Why do I have to almost "burn" my transfer before I can detect?? - (Oct/21/2009 )

Hi,
I am completely puzzled by this. Every time I try to transfer a particular protein, it wont stick to the membrane unless I run it to the point where the buffer evaporates, almost like baking the system. I am using the semi-dry blotting system from Invitrogen. Even if I use the same amount of voltage (50V, Invitrogen protocol calls for 20V) and keep it really cold that it doesnt evaporates, I won't see my protein, unless I let it go until the buffer evaporates and it smells like burnt! I don't get it! is my protein that hard to to stick? its a 17KDa protein, very small!
I have done this multiple times as to determine that the only way I can detect it is by frying the membrane!

Any comments please?? I'm about to call Invitrogen and ask about this.

What kind of membrane are you using? What is the composition of your transfer buffer? What kind of gel are you transferring from? How are you detecting the protein?

Sorry,
I am using NT (Biotrace from VWR), I'm using the Invitrogen NuPAGE transfer buffer (10%MetOH), NuPAGE Novex Bis-Tris gel. I'm using HRP as 2ry with ECL detection.

HomeBrew on Oct 21 2009, 02:37 PM said:

I had problems with the NuPAGE systems, so now I use Biorad Tris-HCl gels and make my own transfer buffer:

3.03 g Tris base
200 ml methanol
500 ml H2O
adjust pH to 8.3
add 14.4 g glycine
q.s. to 1 L

Isn't the max voltage for a SD 15V? (I use BioRad.)
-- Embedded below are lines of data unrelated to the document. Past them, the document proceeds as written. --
(* Let $M$ be a matroid and let $M^{\mathrm{fin}}$ be its finitarization. Suppose $F$ is a base of $M^{\mathrm{fin}}$ and $B_1$, $B_2$ are bases of $M$ with $B_1\subseteq F$ and $B_2\subseteq F$. Then $|F\setminus B_1|=|F\setminus B_2|$, where all infinite cardinalities are regarded as equal.
   Context: A matroid $M=(E,\mathcal{L})$ consists of a (possibly infinite) set $E$ and a family $\mathcal{L}\subseteq 2^E$ of independent sets such that: (I1) $\emptyset\in\mathcal{L}$; (I2) subsets of independent sets are independent; (I3) if $B$ is a maximal element of $\mathcal{L}$ and $A\in\mathcal{L}$ is not maximal, there is $b\in B\setminus A$ with $A\cup\{b\}\in\mathcal{L}$; (I4) if $A\in\mathcal{L}$ and $A\subseteq X\subseteq E$, then $\{S\in\mathcal{L}: A\subseteq S\subseteq X\}$ has a maximal element (w.r.t. inclusion). Bases are the maximal independent sets. The finitarization of $M$ is $M^{\mathrm{fin}}=(E,\mathcal{L}^{\mathrm{fin}})$, where $\mathcal{L}^{\mathrm{fin}}$ consists of all $S\subseteq E$ every finite subset of which lies in $\mathcal{L}$; $M^{\mathrm{fin}}$ is a matroid. Convention: in comparing cardinalities, all infinite cardinalities are treated as a single value $\infty$. *)

theory Defs
  imports Main "HOL-Library.Extended_Nat"
begin

definition is_base :: "'a set set \<Rightarrow> 'a set \<Rightarrow> bool" where
  "is_base L B \<longleftrightarrow> B \<in> L \<and> (\<forall>S\<in>L. B \<subseteq> S \<longrightarrow> S = B)"

definition matroid :: "'a set \<Rightarrow> 'a set set \<Rightarrow> bool" where
  "matroid E L \<longleftrightarrow>
     (\<forall>S\<in>L. S \<subseteq> E) \<and>
     {} \<in> L \<and>
     (\<forall>A B. A \<in> L \<longrightarrow> B \<subseteq> A \<longrightarrow> B \<in> L) \<and>
     (\<forall>A B. is_base L B \<longrightarrow> A \<in> L \<longrightarrow> \<not> is_base L A \<longrightarrow>
        (\<exists>b\<in>B - A. insert b A \<in> L)) \<and>
     (\<forall>A X. A \<in> L \<longrightarrow> A \<subseteq> X \<longrightarrow> X \<subseteq> E \<longrightarrow>
        (\<exists>M\<in>{S\<in>L. A \<subseteq> S \<and> S \<subseteq> X}. \<forall>S\<in>{S\<in>L. A \<subseteq> S \<and> S \<subseteq> X}. M \<subseteq> S \<longrightarrow> S = M))"

definition fin_indep :: "'a set \<Rightarrow> 'a set set \<Rightarrow> 'a set set" where
  "fin_indep E L = {S. S \<subseteq> E \<and> (\<forall>T. T \<subseteq> S \<longrightarrow> finite T \<longrightarrow> T \<in> L)}"

definition ecard :: "'a set \<Rightarrow> enat" where
  "ecard X = (if finite X then enat (card X) else \<infinity>)"

end

theory Submission
  imports Defs
begin

text \<open>Any two bases B1, B2 of a matroid satisfy |B1 - B2| = |B2 - B1|: exchanging one element of
  B1 - B2 for one of B2 - B1 gives a base closer to B2, so induction on |B2 - B1| applies when it
  is finite, and by symmetry both differences are infinite otherwise. Since
  F - Bi is the disjoint union of F - B1 - B2 with B(3-i) - Bi, the claim follows.\<close>

lemma ecard_Un_disjoint:
  assumes "A \<inter> B = {}"
  shows "ecard (A \<union> B) = ecard A + ecard B"
  using assms by (simp add: ecard_def card_Un_disjoint)

lemma ecard_diff_eq_if_ecard_swap_eq:
  assumes "B1 \<subseteq> F" "B2 \<subseteq> F" "ecard (B1 - B2) = ecard (B2 - B1)"
  shows "ecard (F - B1) = ecard (F - B2)"
proof -
  define C where "C = F - B1 - B2"
  have "F - B1 = C \<union> (B2 - B1)" "F - B2 = C \<union> (B1 - B2)"
    using assms(1,2) by (auto simp: C_def)
  moreover have "C \<inter> (B2 - B1) = {}" "C \<inter> (B1 - B2) = {}"
    by (auto simp: C_def)
  ultimately show ?thesis
    using assms(3) by (simp add: ecard_Un_disjoint add.commute)
qed

lemma base_in_indep: "is_base L B \<Longrightarrow> B \<in> L"
  by (simp add: is_base_def)

lemma base_exchange:
  assumes m: "matroid E L" and B1: "is_base L B1" and B2: "is_base L B2"
    and x: "x \<in> B1" "x \<notin> B2"
  obtains b where "b \<in> B2 - B1" "is_base L (insert b (B1 - {x}))"
proof -
  have down_closed: "\<And>A B. A \<in> L \<Longrightarrow> B \<subseteq> A \<Longrightarrow> B \<in> L"
    and augment: "\<And>A B. is_base L B \<Longrightarrow> A \<in> L \<Longrightarrow> \<not> is_base L A \<Longrightarrow> \<exists>b\<in>B - A. insert b A \<in> L"
    using m unfolding matroid_def by blast+
  have "B1 - {x} \<in> L"
    using down_closed[OF base_in_indep[OF B1]] by blast
  moreover have "\<not> is_base L (B1 - {x})"
    using B1 x(1) unfolding is_base_def by blast
  ultimately obtain b where b: "b \<in> B2 - (B1 - {x})" "insert b (B1 - {x}) \<in> L"
    using augment[OF B2] by blast
  have b_new: "b \<in> B2 - B1"
    using b(1) x by auto
  define B1' where "B1' = insert b (B1 - {x})"
  have "B1' \<in> L"
    using b(2) by (simp add: B1'_def)
  have "is_base L B1'"
  proof (rule ccontr)
    assume "\<not> is_base L B1'"
    then obtain c where c: "c \<in> B1 - B1'" "insert c B1' \<in> L"
      using augment[OF B1 \<open>B1' \<in> L\<close>] by blast
    have "insert c B1' = insert b B1"
      using c(1) x(1) by (auto simp: B1'_def)
    then have "insert b B1 = B1"
      using B1 c(2) unfolding is_base_def by blast
    with b_new show False by auto
  qed
  with b_new show thesis
    using that by (simp add: B1'_def)
qed

lemma card_diff_bases_eq:
  assumes m: "matroid E L"
  shows "is_base L B1 \<Longrightarrow> is_base L B2 \<Longrightarrow> finite (B2 - B1) \<Longrightarrow>
    finite (B1 - B2) \<and> card (B1 - B2) = card (B2 - B1)"
proof (induction "card (B2 - B1)" arbitrary: B1)
  case 0
  then have "B2 \<subseteq> B1" by auto
  with 0 have "B2 = B1" unfolding is_base_def by blast
  then show ?case by simp
next
  case (Suc n)
  have "\<not> B1 \<subseteq> B2"
  proof
    assume "B1 \<subseteq> B2"
    then have "B2 = B1" using Suc.prems(1,2) unfolding is_base_def by blast
    with Suc.hyps(2) show False by simp
  qed
  then obtain x where x: "x \<in> B1" "x \<notin> B2" by auto
  obtain b where b: "b \<in> B2 - B1" and base': "is_base L (insert b (B1 - {x}))"
    using base_exchange[OF m Suc.prems(1,2) x] .
  define B1' where "B1' = insert b (B1 - {x})"
  have diff_new: "B2 - B1' = (B2 - B1) - {b}"
    and diff_old: "B1 - B2 = insert x (B1' - B2)" "x \<notin> B1' - B2"
    using x b by (auto simp: B1'_def)
  have "is_base L B1'"
    using base' by (simp add: B1'_def)
  moreover have "n = card (B2 - B1')" "finite (B2 - B1')"
    using diff_new Suc.hyps(2) Suc.prems(3) b by simp_all
  ultimately have "finite (B1' - B2) \<and> card (B1' - B2) = n"
    using Suc.hyps(1)[of B1'] Suc.prems(2) by simp
  then show ?case
    using diff_old Suc.hyps(2) by simp
qed

lemma ecard_diff_bases_eq:
  assumes "matroid E L" "is_base L B1" "is_base L B2"
  shows "ecard (B1 - B2) = ecard (B2 - B1)"
proof (cases "finite (B2 - B1)")
  case True
  then show ?thesis
    using card_diff_bases_eq[OF assms] by (simp add: ecard_def)
next
  case False
  then have "infinite (B1 - B2)"
    using card_diff_bases_eq[OF assms(1,3,2)] by blast
  with False show ?thesis
    by (simp add: ecard_def)
qed

theorem theorem3p1p2:
  fixes E :: "'a set" and L :: "'a set set" and F B1 B2 :: "'a set"
  assumes "matroid E L"
    and "is_base (fin_indep E L) F"
    and "is_base L B1" and "is_base L B2"
    and "B1 \<subseteq> F" and "B2 \<subseteq> F"
  shows "ecard (F - B1) = ecard (F - B2)"
  using ecard_diff_eq_if_ecard_swap_eq[OF assms(5,6) ecard_diff_bases_eq[OF assms(1,3,4)]] .

end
We use the NuPage system as well, and the NuPAGE transfer buffer -- we used to make it up with 20% MeOH, but now we use 20% EtOH -- less disposal problems, less toxicity, and it works just as well. The real difference is we use 20% alcohol, whereas you're using 10%. I've heard spiking it with some SDS can help the transfer of difficult proteins, but we haven't had to try it. We're using the XCell SureLock Mini-Cell apparatus with PVDF membranes.
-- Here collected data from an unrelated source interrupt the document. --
text \<open>Levels from N on contribute at most 2^-N to the distance, so the level-by-level
  property makes the distance fragment X.\<close>

lemma graded_dist_fragments:
  assumes level: "\<And>A n \<delta>. A \<subseteq> topspace X \<Longrightarrow> A \<noteq> {} \<Longrightarrow> \<delta> > 0 \<Longrightarrow>
      \<exists>Q. openin X Q \<and> A \<inter> Q \<noteq> {} \<and> (\<forall>i\<in>I n. \<forall>x\<in>A\<inter>Q. \<forall>y\<in>A\<inter>Q. \<bar>f i x - f i y\<bar> \<le> \<delta>)"
  shows "fragments graded_dist X"
  unfolding fragments_def
proof (intro allI impI)
  fix L and \<epsilon> :: real assume L: "closedin X L \<and> L \<noteq> {} \<and> \<epsilon> > 0"
  obtain N where N: "(1/2::real)^N < \<epsilon>" using real_arch_pow_inv[of \<epsilon> "1/2"] L by auto
  have "L \<subseteq> topspace X" "L \<noteq> {}" "\<epsilon>/2 > 0" using L closedin_subset by auto
  then obtain Q where Q: "openin X Q" "L \<inter> Q \<noteq> {}"
    and low: "\<forall>n<N. \<forall>i\<in>I n. \<forall>x\<in>L\<inter>Q. \<forall>y\<in>L\<inter>Q. \<bar>f i x - f i y\<bar> \<le> \<epsilon>/2"
    using uniform_on_levels_below[OF level, of L "\<epsilon>/2" N] by blast
  define c where "c = max (\<epsilon>/2) ((1/2::real)^N)"
  have "graded_dist x y \<le> c" if xy: "x \<in> L \<inter> Q" "y \<in> L \<inter> Q" for x y
  proof -
    have "(1/2)^n * \<bar>f i x - f i y\<bar> \<le> c" if i: "i \<in> I n" for n i
    proof (cases "n < N")
      case True
      have "(1/2::real)^n * \<bar>f i x - f i y\<bar> \<le> \<bar>f i x - f i y\<bar>"
        by (rule mult_left_le_one_le) (auto simp: power_le_one)
      also have "\<dots> \<le> \<epsilon>/2" using low True i xy by simp
      finally show ?thesis unfolding c_def by linarith
    next
      case False
      have "\<bar>f i x - f i y\<bar> \<le> 1" using range[OF i, of x] range[OF i, of y] by auto
      then have "(1/2::real)^n * \<bar>f i x - f i y\<bar> \<le> (1/2)^n"
        by (intro mult_right_le_one_le) auto
      also have "\<dots> \<le> (1/2)^N" using False by (intro power_decreasing) auto
      finally show ?thesis unfolding c_def by linarith
    qed
    moreover have "0 \<le> c" unfolding c_def by (simp add: le_max_iff_disj)
    ultimately show ?thesis by (simp add: graded_dist_le_iff)
  qed
  moreover have "c < \<epsilon>" using N L unfolding c_def by auto
  moreover have "openin (subtopology X L) (L \<inter> Q)" using Q(1) by (auto simp: openin_subtopology)
  ultimately show "\<exists>U. openin (subtopology X L) U \<and> U \<noteq> {} \<and>
                       (\<exists>c<\<epsilon>. \<forall>x\<in>U. \<forall>y\<in>U. graded_dist x y \<le> c)"
    using Q(2) by (intro exI[of _ "L \<inter> Q"] conjI exI[of _ c]) auto
qed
I get very nice transfers of low MW proteins (as low as 6-8 kDa) with Dunn carbonate buffer (10 mM NaHCO3, 3 mM Na2CO3, pH 9.9, 20% MeOH) and Immobilon Psq from Millipore (PVDF, 0.22 um) on semi-dry system for 1 hour at 0,8 mA per cm2 of membrane.

Thanks a lot!
The max voltage for the Invitrogen Xcell SureLock is 20V, but it wasn't working with 20V so I had to crank it up to 50V accidentally evaporating the inner chamber buffer and luckily getting my transfer to work! I've repeated it several times with same results, if I don't do that, everything else transfer except my protein. I proved it with the standard protein as well.

lab rat on Oct 21 2009, 05:44 PM said:

That Immobilon membrane sounded good until I saw the price!! haha.
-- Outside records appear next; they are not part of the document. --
lemma nn_integral_uniform_angles_triangle_side:
  fixes H :: "real \<Rightarrow> ennreal"
  assumes [measurable]: "H \<in> borel_measurable borel"
  shows "(\<integral>\<^sup>+(t1, t2). ennreal (indicator {0..<2*pi} t1 / (2*pi)) * ennreal (indicator {0..<2*pi} t2 / (2*pi))
        * H (sqrt ((a * cos t1 + b * cos t2)\<^sup>2 + (a * sin t1 + b * sin t2)\<^sup>2)) \<partial>(lborel \<Otimes>\<^sub>M lborel))
    = ennreal (1 / (2*pi)) * (\<integral>\<^sup>+t\<in>{0..<2*pi}. H (triangle_side a b t) \<partial>lborel)"
proof -
  define F where "F t = H (triangle_side a b t)" for t
  have [measurable]: "F \<in> borel_measurable borel"
    unfolding F_def[abs_def] triangle_side_def[abs_def] by measurable
  let ?u = "\<lambda>t. ennreal (indicator {0..<2*pi} t / (2*pi))"
  let ?c = "ennreal (1 / (2*pi))"
  let ?I = "\<integral>\<^sup>+t\<in>{0..<2*pi}. F t \<partial>lborel"
  have u_eq: "?u t = ?c * indicator {0..<2*pi} t" for t
    by (simp add: indicator_def)
  have inner: "(\<integral>\<^sup>+t1. ?u t1 * ?u t2 * H (sqrt ((a * cos t1 + b * cos t2)\<^sup>2 + (a * sin t1 + b * sin t2)\<^sup>2)) \<partial>lborel)
      = ?u t2 * (?c * ?I)" for t2
  proof (cases "t2 \<in> {0..<2*pi}")
    case True
    have "(\<integral>\<^sup>+t1. ?u t1 * ?u t2 * H (sqrt ((a * cos t1 + b * cos t2)\<^sup>2 + (a * sin t1 + b * sin t2)\<^sup>2)) \<partial>lborel)
        = (\<integral>\<^sup>+t1. ?u t2 * ?c * (F (t1 - (t2 - pi)) * indicator {0..<2*pi} t1) \<partial>lborel)"
      by (intro nn_integral_cong)
        (simp only: u_eq F_def norm_sum_polar_eq_triangle_side, simp add: algebra_simps)
    also have "\<dots> = ?u t2 * ?c * (\<integral>\<^sup>+t1\<in>{0..<2*pi}. F (t1 - (t2 - pi)) \<partial>lborel)"
      by (rule nn_integral_cmult) measurable
    also have "(\<integral>\<^sup>+t1\<in>{0..<2*pi}. F (t1 - (t2 - pi)) \<partial>lborel) = ?I"
      using True by (intro nn_integral_periodic_shift) (auto simp: F_def triangle_side_def)
    finally show ?thesis
      by (simp add: mult.assoc)
  qed simp
  have "(\<integral>\<^sup>+(t1, t2). ?u t1 * ?u t2 * H (sqrt ((a * cos t1 + b * cos t2)\<^sup>2 + (a * sin t1 + b * sin t2)\<^sup>2)) \<partial>(lborel \<Otimes>\<^sub>M lborel))
      = (\<integral>\<^sup>+t2. \<integral>\<^sup>+t1. ?u t1 * ?u t2 * H (sqrt ((a * cos t1 + b * cos t2)\<^sup>2 + (a * sin t1 + b * sin t2)\<^sup>2)) \<partial>lborel \<partial>lborel)"
    by (subst lborel_pair.nn_integral_snd[symmetric]) simp_all
  also have "\<dots> = (\<integral>\<^sup>+t2. ?u t2 \<partial>lborel) * (?c * ?I)"
    unfolding inner by (rule nn_integral_multc) measurable
  finally show ?thesis
    by (simp add: nn_integral_uniform_angle_density F_def)
qed

lemma nn_integral_uniform_angles_resultant:
  fixes H :: "real \<Rightarrow> ennreal"
  assumes ab: "0 < a" "0 < b" "a \<noteq> b" and [measurable]: "H \<in> borel_measurable borel"
  shows "(\<integral>\<^sup>+(t1, t2). ennreal (indicator {0..<2*pi} t1 / (2*pi)) * ennreal (indicator {0..<2*pi} t2 / (2*pi))
        * H (sqrt ((a * cos t1 + b * cos t2)\<^sup>2 + (a * sin t1 + b * sin t2)\<^sup>2)) \<partial>(lborel \<Otimes>\<^sub>M lborel))
    = (\<integral>\<^sup>+z. H z * ennreal (resultant_length_density a b z) \<partial>lborel)"
proof -
  have [measurable]: "(\<lambda>t. H (triangle_side a b t)) \<in> borel_measurable borel"
    unfolding triangle_side_def by measurable
  have "(\<integral>\<^sup>+z. H z * ennreal (pi * resultant_length_density a b z) \<partial>lborel)
      = ennreal pi * (\<integral>\<^sup>+z. H z * ennreal (resultant_length_density a b z) \<partial>lborel)"
    by (subst nn_integral_cmult[symmetric]) (measurable, simp add: ennreal_mult' ac_simps)
  then have "(\<integral>\<^sup>+t\<in>{0..<2*pi}. H (triangle_side a b t) \<partial>lborel)
      = 2 * (ennreal pi * (\<integral>\<^sup>+z. H z * ennreal (resultant_length_density a b z) \<partial>lborel))"
    using nn_integral_symmetric_halves[of "\<lambda>t. H (triangle_side a b t)" "2*pi"]
      nn_integral_triangle_side_substitution[OF ab]
    by (simp add: triangle_side_def)
  moreover have "ennreal (1 / (2*pi)) * (2 * ennreal pi) = 1"
    by (simp flip: ennreal_mult ennreal_numeral)
  ultimately show ?thesis
    by (simp add: nn_integral_uniform_angles_triangle_side mult.assoc[symmetric])
qed

definition sum_resultant_density :: "(real \<Rightarrow> real) \<Rightarrow> real \<times> real \<Rightarrow> ennreal" where
  "sum_resultant_density f = (\<lambda>(s, z). if 0 \<le> z \<and> z < s then
        ennreal (2 * z / (pi * sqrt (s\<^sup>2 - z\<^sup>2))) *
        (\<integral>\<^sup>+ x \<in> {(s - z) / 2 <..< (s + z) / 2}.
            ennreal (f x * f (s - x) / sqrt (z\<^sup>2 - (2 * x - s)\<^sup>2)) \<partial>lborel)
      else 0)"

lemma resultant_length_density_sum_diff:
  "resultant_length_density x (s - x) z =
    (if \<bar>2 * x - s\<bar> < z \<and> z < s
     then 2 * z / (pi * sqrt ((s\<^sup>2 - z\<^sup>2) * (z\<^sup>2 - (2 * x - s)\<^sup>2))) else 0)"
proof -
  have "x + (s - x) = s" "x - (s - x) = 2 * x - s"
    by simp_all
  then show ?thesis
    by (simp only: resultant_length_density_def)
qed

lemma nn_integral_resultant_length_density_sum_diff:
  fixes f :: "real \<Rightarrow> real"
  assumes f_nonneg: "\<And>x. 0 \<le> f x" and [measurable]: "f \<in> borel_measurable borel"
  shows "(\<integral>\<^sup>+x. ennreal (f x) * ennreal (f (s - x)) * ennreal (resultant_length_density x (s - x) z) \<partial>lborel)
    = sum_resultant_density f (s, z)"
proof (cases "0 \<le> z \<and> z < s")
  case True
  define C where "C = 2 * z / (pi * sqrt (s\<^sup>2 - z\<^sup>2))"
  have "z\<^sup>2 < s\<^sup>2"
    using True by (intro power_strict_mono) auto
  then have C_nonneg: "0 \<le> C"
    using True by (simp add: C_def)
  have integrand: "ennreal (f x) * ennreal (f (s - x)) * ennreal (resultant_length_density x (s - x) z)
      = ennreal C * (ennreal (f x * f (s - x) / sqrt (z\<^sup>2 - (2 * x - s)\<^sup>2))
          * indicator {(s - z) / 2 <..< (s + z) / 2} x)" for x
  proof (cases "\<bar>2 * x - s\<bar> < z")
    case inside: True
    have "(2 * x - s)\<^sup>2 < z\<^sup>2"
      using inside abs_le_square_iff[of z "2 * x - s"] by auto
    then have "ennreal (f x * f (s - x) * resultant_length_density x (s - x) z)
        = ennreal (C * (f x * f (s - x) / sqrt (z\<^sup>2 - (2 * x - s)\<^sup>2)))"
      using True inside by (simp add: resultant_length_density_sum_diff C_def real_sqrt_mult ac_simps)
    moreover have "x \<in> {(s - z) / 2 <..< (s + z) / 2}"
      using inside by (auto simp: abs_less_iff)
    ultimately show ?thesis
      using C_nonneg f_nonneg[of x] f_nonneg[of "s - x"] by (simp add: ennreal_mult' del: times_divide_eq_right)
  next
    case False
    then have "x \<notin> {(s - z) / 2 <..< (s + z) / 2}"
      by (auto simp: abs_less_iff)
    then show ?thesis
      using False by (simp add: resultant_length_density_sum_diff)
  qed
  show ?thesis
    using True by (simp add: integrand nn_integral_cmult sum_resultant_density_def C_def)
next
  case False
  then have "resultant_length_density x (s - x) z = 0" for x
    by (auto simp: resultant_length_density_sum_diff)
  then show ?thesis
    unfolding sum_resultant_density_def case_prod_conv if_not_P[OF False] by simp
qed

lemma borel_measurable_sum_resultant_density[measurable]:
  assumes "f \<in> borel_measurable borel"
  shows "sum_resultant_density f \<in> borel_measurable (lborel \<Otimes>\<^sub>M lborel)"
  unfolding sum_resultant_density_def indicator_def greaterThanLessThan_iff using assms by measurable

lemma AE_lborel_pair_distinct:
  assumes ae: "AE x in lborel. P x" and [measurable]: "Measurable.pred borel P"
  shows "AE (x, y) in lborel \<Otimes>\<^sub>M lborel. P x \<and> P y \<and> x \<noteq> y"
proof (rule lborel_pair.AE_pair_measure)
  show "AE x in lborel. AE y in lborel. case (x, y) of (x, y) \<Rightarrow> P x \<and> P y \<and> x \<noteq> y"
    using ae
  proof eventually_elim
    case (elim x)
    show ?case
      using ae AE_lborel_singleton[of x] by eventually_elim (use elim in auto)
  qed
qed measurable

lemma nn_integral_radii_angles:
  fixes f :: "real \<Rightarrow> real" and h :: "real \<times> real \<Rightarrow> ennreal"
  assumes [measurable]: "f \<in> borel_measurable borel" "h \<in> borel_measurable (lborel \<Otimes>\<^sub>M lborel)"
    and support: "AE x in lborel. f x \<noteq> 0 \<longrightarrow> 0 \<le> x"
  shows "(\<integral>\<^sup>+((r1, r2), (t1, t2)). ennreal (f r1) * ennreal (f r2)
        * (ennreal (indicator {0..<2*pi} t1 / (2*pi)) * ennreal (indicator {0..<2*pi} t2 / (2*pi)))
        * h (r1 + r2, sqrt ((r1 * cos t1 + r2 * cos t2)\<^sup>2 + (r1 * sin t1 + r2 * sin t2)\<^sup>2))
      \<partial>((lborel \<Otimes>\<^sub>M lborel) \<Otimes>\<^sub>M (lborel \<Otimes>\<^sub>M lborel)))
    = (\<integral>\<^sup>+(r1, r2). ennreal (f r1) * ennreal (f r2)
        * (\<integral>\<^sup>+z. h (r1 + r2, z) * ennreal (resultant_length_density r1 r2 z) \<partial>lborel)
      \<partial>(lborel \<Otimes>\<^sub>M lborel))"
proof -
  let ?A = "\<lambda>r1 r2. \<integral>\<^sup>+(t1, t2). ennreal (indicator {0..<2*pi} t1 / (2*pi)) * ennreal (indicator {0..<2*pi} t2 / (2*pi))
        * h (r1 + r2, sqrt ((r1 * cos t1 + r2 * cos t2)\<^sup>2 + (r1 * sin t1 + r2 * sin t2)\<^sup>2)) \<partial>(lborel \<Otimes>\<^sub>M lborel)"
  have positive_support: "AE x in lborel. f x \<noteq> 0 \<longrightarrow> 0 < x"
    using support AE_lborel_singleton[of 0] by eventually_elim auto
  have generic_radii: "AE (r1, r2) in lborel \<Otimes>\<^sub>M lborel.
      (f r1 \<noteq> 0 \<longrightarrow> 0 < r1) \<and> (f r2 \<noteq> 0 \<longrightarrow> 0 < r2) \<and> r1 \<noteq> r2"
    using positive_support by (rule AE_lborel_pair_distinct) measurable
  have "(\<integral>\<^sup>+((r1, r2), (t1, t2)). ennreal (f r1) * ennreal (f r2)
        * (ennreal (indicator {0..<2*pi} t1 / (2*pi)) * ennreal (indicator {0..<2*pi} t2 / (2*pi)))
        * h (r1 + r2, sqrt ((r1 * cos t1 + r2 * cos t2)\<^sup>2 + (r1 * sin t1 + r2 * sin t2)\<^sup>2))
      \<partial>((lborel \<Otimes>\<^sub>M lborel) \<Otimes>\<^sub>M (lborel \<Otimes>\<^sub>M lborel)))
    = (\<integral>\<^sup>+(r1, r2). ennreal (f r1) * ennreal (f r2) * ?A r1 r2 \<partial>(lborel \<Otimes>\<^sub>M lborel))"
    by (subst lborel_pair.P.nn_integral_fst[symmetric])
      (measurable, auto intro!: nn_integral_cong simp: nn_integral_cmult[symmetric] split_beta' mult.assoc)
  also have "\<dots> = (\<integral>\<^sup>+(r1, r2). ennreal (f r1) * ennreal (f r2)
        * (\<integral>\<^sup>+z. h (r1 + r2, z) * ennreal (resultant_length_density r1 r2 z) \<partial>lborel)
      \<partial>(lborel \<Otimes>\<^sub>M lborel))"
  proof (rule nn_integral_cong_AE)
    have "ennreal (f r1) * ennreal (f r2) * ?A r1 r2
      = ennreal (f r1) * ennreal (f r2) * (\<integral>\<^sup>+z. h (r1 + r2, z) * ennreal (resultant_length_density r1 r2 z) \<partial>lborel)"
      if "(f r1 \<noteq> 0 \<longrightarrow> 0 < r1) \<and> (f r2 \<noteq> 0 \<longrightarrow> 0 < r2) \<and> r1 \<noteq> r2" for r1 r2
    proof (cases "f r1 = 0 \<or> f r2 = 0")
      case False
      with that show ?thesis
        by (subst nn_integral_uniform_angles_resultant) auto
    qed auto
    with generic_radii show "AE p in lborel \<Otimes>\<^sub>M lborel.
        (case p of (r1, r2) \<Rightarrow> ennreal (f r1) * ennreal (f r2) * ?A r1 r2)
      = (case p of (r1, r2) \<Rightarrow> ennreal (f r1) * ennreal (f r2)
          * (\<integral>\<^sup>+z. h (r1 + r2, z) * ennreal (resultant_length_density r1 r2 z) \<partial>lborel))"
      by (auto elim!: eventually_mono)
  qed
  finally show ?thesis .
qed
K.B. on Oct 22 2009, 04:36 AM said:

medchemgirl on Oct 22 2009, 03:19 PM said:

We use 0.22 um PVDF membrane/filter paper sandwiches from Invitrogen. With price, it's relative -- if you've done the experiment multiple times, and haven't got the data or image you need, and it would have worked the first time using PVDF, have you really saved anything?

"if you've done the experiment multiple times, and haven't got the data or image you need, and it would have worked the first time using PVDF, have you really saved anything?"

Ditto the SD blotter if it gets damaged by too-high voltage.